INDIANAPOLIS — The state of Indiana will allow local governments to raise their spending by up to 3.8 percent next year, a sharp jump after several years of much more restrained increases.

That should make it a little easier for counties, cities, towns, school corporations and library districts to afford giving raises to employees, buying new equipment or hiring new workers.

The Indiana Department of Local Government Finance set its statewide growth quotient at 3.8 percent for 2017, a noticeable increase from the 2.6 percent allowed in 2016. The growth quotient is determined by analyzing the state’s income growth and is used to guide how much governments can increase their budgets.

The percentage is meant to keep property tax growth within boundaries that Hoosiers can afford to pay, Purdue University agricultural economics professor and state tax expert Larry DeBoer said.

The rate increased sharply this year because the worst of the Great Recession years fell out of a six-year rolling average used to the determine the rate.

“That (2009) was the worst recession year. Income fell by about 3 percent that year. Without that negative number in the average, the growth quotient calculation is higher,” DeBoer said.

That should translate into more wiggle room for local governments to plan spending for 2017, which they haven’t had in recent years, DeBoer said. After several years of belt tightening, local governments will be able to let it out a notch or two.

“With the higher growth quotient, local governments will have more room to increase operating levies — taxes to pay for personnel, materials, services, etc.
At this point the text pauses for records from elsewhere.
lemma level_function_exists:
  assumes lf: "locally_finite_group G" and cnt: "countable (carrier G)"
    and W: "finite W" "W \<subseteq> carrier G"
  shows "\<exists>lv :: 'a \<Rightarrow> nat. (\<forall>x\<in>W. lv x = 0) \<and>
           (\<forall>x\<in>carrier G. \<forall>y\<in>carrier G. lv (x \<otimes> y) \<le> max (lv x) (lv y)) \<and>
           (\<forall>x\<in>carrier G. lv (inv x) = lv x) \<and>
           (\<forall>k. finite {x \<in> carrier G. lv x \<le> k})"
proof -
  obtain H :: "nat \<Rightarrow> 'a set" where H: "\<And>k. subgroup (H k) G" "\<And>k. finite (H k)" "mono H" "W \<subseteq> H 0"
    and cover: "\<And>x. x \<in> carrier G \<Longrightarrow> \<exists>k. x \<in> H k"
    using finite_subgroup_exhaustion[OF assms] by blast
  define lv where "lv x = (LEAST k. x \<in> H k)" for x
  have lv_in: "x \<in> H (lv x)" if "x \<in> carrier G" for x
    unfolding lv_def using cover[OF that] by (rule LeastI_ex)
  have lv_le: "lv x \<le> k" if "x \<in> H k" for x k unfolding lv_def using that by (rule Least_le)
  have in_H: "x \<in> H k" if "x \<in> carrier G" "lv x \<le> k" for x k
    using lv_in[OF that(1)] H(3) that(2) by (auto dest: monoD)
  have "lv (x \<otimes> y) \<le> max (lv x) (lv y)" if "x \<in> carrier G" "y \<in> carrier G" for x y
    using in_H that subgroup.m_closed[OF H(1)] lv_le by (meson max.cobounded1 max.cobounded2)
  moreover have "lv (inv x) \<le> lv x" if "x \<in> carrier G" for x
    using lv_in[OF that] subgroup.m_inv_closed[OF H(1)] lv_le by blast
  then have "lv (inv x) = lv x" if "x \<in> carrier G" for x
    using that by (metis inv_closed inv_inv le_antisym)
  moreover have "finite {x \<in> carrier G. lv x \<le> k}" for k
    using H(2)[of k] by (rule finite_subset[rotated]) (auto intro: in_H)
  moreover have "lv x = 0" if "x \<in> W" for x using lv_le[of x 0] H(4) that by auto
  ultimately show ?thesis by blast
qed

text \<open>A length on a finite subgroup \<open>W\<close> of a countable locally finite group
  extends to a proper length on the group: outside \<open>W\<close> take \<open>B + level\<close>, where
  the constant \<open>B\<close> exceeds every length in \<open>W\<close>.\<close>
lemma extend_length:
  assumes lf: "locally_finite_group G" and cnt: "countable (carrier G)"
    and W: "subgroup W G" "finite W" and lW: "length_on G W l"
  shows "\<exists>l'. proper_length G l' \<and> (\<forall>x\<in>W. l' x = l x)"
proof -
  note Wsub = subgroup.subset[OF W(1)] and Wone = subgroup.one_closed[OF W(1)]
    and Winv = subgroup.m_inv_closed[OF W(1)] and Wmult = subgroup.m_closed[OF W(1)]
  obtain lv :: "'a \<Rightarrow> nat" where lvW: "\<And>x. x \<in> W \<Longrightarrow> lv x = 0"
    and lv_mult: "\<And>x y. x \<in> carrier G \<Longrightarrow> y \<in> carrier G \<Longrightarrow> lv (x \<otimes> y) \<le> max (lv x) (lv y)"
    and lv_inv: "\<And>x. x \<in> carrier G \<Longrightarrow> lv (inv x) = lv x"
    and lv_fin: "\<And>k. finite {x \<in> carrier G. lv x \<le> k}"
    using level_function_exists[OF lf cnt W(2) Wsub] by blast
  define B where "B = Max (l ` W) + 1"
  have lB: "l x < B" if "x \<in> W" for x
    unfolding B_def using Max_ge[OF finite_imageI[OF W(2)] imageI[OF that, of l]] by simp
  have Bpos: "0 < B" using lB[OF Wone] length_on_nonneg[OF W(1) lW Wone] by linarith
  define l' where "l' x = (if x \<in> W then l x else B + lv x)" for x
  have l'_out: "x \<notin> W \<Longrightarrow> B \<le> l' x" for x unfolding l'_def by simp
  have coset: "x \<otimes> y \<notin> W" if "x \<in> carrier G" "y \<in> carrier G" "x \<in> W \<longleftrightarrow> y \<notin> W" for x y
  proof
    assume xy: "x \<otimes> y \<in> W"
    show False
    proof (cases "x \<in> W")
      case True
      then have "inv x \<otimes> (x \<otimes> y) \<in> W" using xy Winv Wmult by blast
      then show False using True that by (simp add: m_assoc[symmetric])
    next
      case False
      then have "(x \<otimes> y) \<otimes> inv y \<in> W" using xy that Winv Wmult by blast
      then show False using False that by (simp add: m_assoc)
    qed
  qed
  have "l' x = 0 \<longleftrightarrow> x = \<one>" if "x \<in> carrier G" for x
    using lW Wone Bpos unfolding l'_def length_on_def by auto
  moreover have "l' (inv x) = l' x" if "x \<in> carrier G" for x
    using lW Winv[of x] Winv[of "inv x"] that lv_inv unfolding l'_def length_on_def by auto
  moreover have "l' (x \<otimes> y) \<le> l' x + l' y" if x: "x \<in> carrier G" and y: "y \<in> carrier G" for x y
  proof (cases "x \<in> W \<longleftrightarrow> y \<in> W")
    case True
    show ?thesis
    proof (cases "x \<in> W")
      case True
      then show ?thesis using \<open>x \<in> W \<longleftrightarrow> y \<in> W\<close> lW Wmult unfolding l'_def length_on_def by auto
    next
      case False
      then have "l' (x \<otimes> y) \<le> B + real (max (lv x) (lv y))"
        using lB[of "x \<otimes> y"] lv_mult[OF x y] unfolding l'_def by auto
      then show ?thesis using False True Bpos unfolding l'_def by auto
    qed
  next
    case False
    then have "l' (x \<otimes> y) = B + lv (x \<otimes> y)" using coset[OF x y] unfolding l'_def by auto
    also have "\<dots> \<le> B + lv x + lv y" using lv_mult[OF x y] by linarith
    also have "\<dots> \<le> l' x + l' y"
      using False lvW length_on_nonneg[OF W(1) lW] unfolding l'_def by (cases "x \<in> W") auto
    finally show ?thesis .
  qed
  moreover have "finite {x \<in> carrier G. l' x \<le> r}" for r
  proof -
    have "{x \<in> carrier G. l' x \<le> r} \<subseteq> W \<union> {x \<in> carrier G. lv x \<le> nat \<lfloor>r\<rfloor>}"
      unfolding l'_def using Bpos by (auto simp: le_nat_floor)
    then show ?thesis using W(2) lv_fin by (meson finite_Un finite_subset)
  qed
  moreover have "\<forall>x\<in>W. l' x = l x" unfolding l'_def by simp
  ultimately show ?thesis unfolding proper_length_def length_on_def by blast
qed

lemma large_scale_component:
  assumes lf: "locally_finite_group G" and cnt: "countable (carrier G)"
    and inf: "infinite (carrier G)"
  shows "\<exists>d h. proper_left_invariant_metric G d \<and>
           (scale_step (carrier G) d 2)\<^sup>*\<^sup>* \<one> h \<and> M < d \<one> h"
proof -
  obtain m :: nat where m: "M < m" using reals_Archimedean2 by blast
  obtain T h where T: "symmetric_alphabet G T" "finite (words G T)"
    and h: "h \<in> words G T" "m < wlen G T h"
    using long_word_exists[OF lf inf] by blast
  interpret symmetric_alphabet G T by (rule T(1))
  obtain l where l: "proper_length G l" "\<forall>x\<in>words G T. l x = wlen G T x"
    using extend_length[OF lf cnt words_subgroup T(2) wlen_length_on] by blast
  obtain xs where xs: "set xs \<subseteq> T" "wprod G xs = h" using h(1) unfolding words_def by blast
  have hG: "h \<in> carrier G" using h(1) subgroup.subset[OF words_subgroup] by blast
  have "t \<in> words G T" if "t \<in> T" for t
    unfolding words_def using that alphabet_closed by (intro CollectI exI[of _ "[t]"]) auto
  then have "\<forall>t\<in>T. l t < 2" using l(2) wlen_letter by fastforce
  then have "(scale_step (carrier G) (\<lambda>x y. l (inv x \<otimes> y)) 2)\<^sup>*\<^sup>* \<one> h"
    using word_scale_chain[of l 2 \<one> xs] xs hG by simp
  moreover have "M < l (inv \<one> \<otimes> h)" using l(2) h m hG by simp
  ultimately show ?thesis using proper_length_metric[OF l(1)] by blast
qed

end

theorem mainTheorem11:
  fixes G :: "('a, 'b) monoid_scheme" and f :: "real \<Rightarrow> real"
  assumes "group G"
    and "countable (carrier G)" and "infinite (carrier G)"
    and "locally_finite_group G"
    and "\<forall>x>0. f x \<ge> 0"
    and "mono_on {0<..} f"
    and "filterlim f at_top at_top"
  shows "\<exists>d. proper_left_invariant_metric G d \<and> \<not> zero_dim_control (carrier G) d f"
proof -
  obtain d h where d: "proper_left_invariant_metric G d"
    and chain: "(scale_step (carrier G) d 2)\<^sup>*\<^sup>* \<one>\<^bsub>G\<^esub> h" and far: "f 2 < d \<one>\<^bsub>G\<^esub> h"
    using group.large_scale_component[OF assms(1,4,2,3)] by blast
  have one: "\<one>\<^bsub>G\<^esub> \<in> carrier G" by (rule monoid.one_closed[OF group.is_monoid[OF assms(1)]])
  have "\<not> zero_dim_control (carrier G) d f"
    using not_zero_dim_control_witness[where s = 2 and f = f] one chain far by simp
  with d show ?thesis by blast
qed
Schools will have more money for bus purchases, driver pay and fuel. The advantage for residents ought to be more and higher-quality public services,” DeBoer said.

The new 3.8 percent rate caught Noble County Coordinator Jackie Knafel by surprise, so much so she thought the figure was a typo. The state has been particularly stingy recently, and made Noble County cut its 2016 budget slightly even though it stayed within the 2.6 percent rate this year.

The ability to expand the budget could make it easier for the Noble County Council to fund pay increases or hire new employees that several departments are already seeking.

As last year proved, the rate isn’t a guarantee the county will get everything it asks for, and the final decision rests with the state after an analysis of expected revenue, Knafel said. But a larger overall growth rate will make financial planning a bit easier, she said.

“They just didn’t think we had the revenue stream (last year). We lost (Indiana Department of Correction) money, interest money is way down. All those revenue streams we depended on, right or wrong, went away. We’ve lost those revenue streams and you still have to fund it,” she said.

One potential downside of the higher growth rate is that additional spending by local governments could lead to local tax rate increases, DeBoer said. Whether tax rates go up will depend on whether property values increase as much as spending. If the growth in property values doesn’t increase as much as spending, tax rates will go up.

Assessed values in Noble County increased about 3 percent total last year, which means they’d need to rise a bit faster in order to keep pace in 2017.

“Tax rates are set by dividing the levy by assessed value, so if AV rises just as much as the levy, tax rates remain stable,” DeBoer said.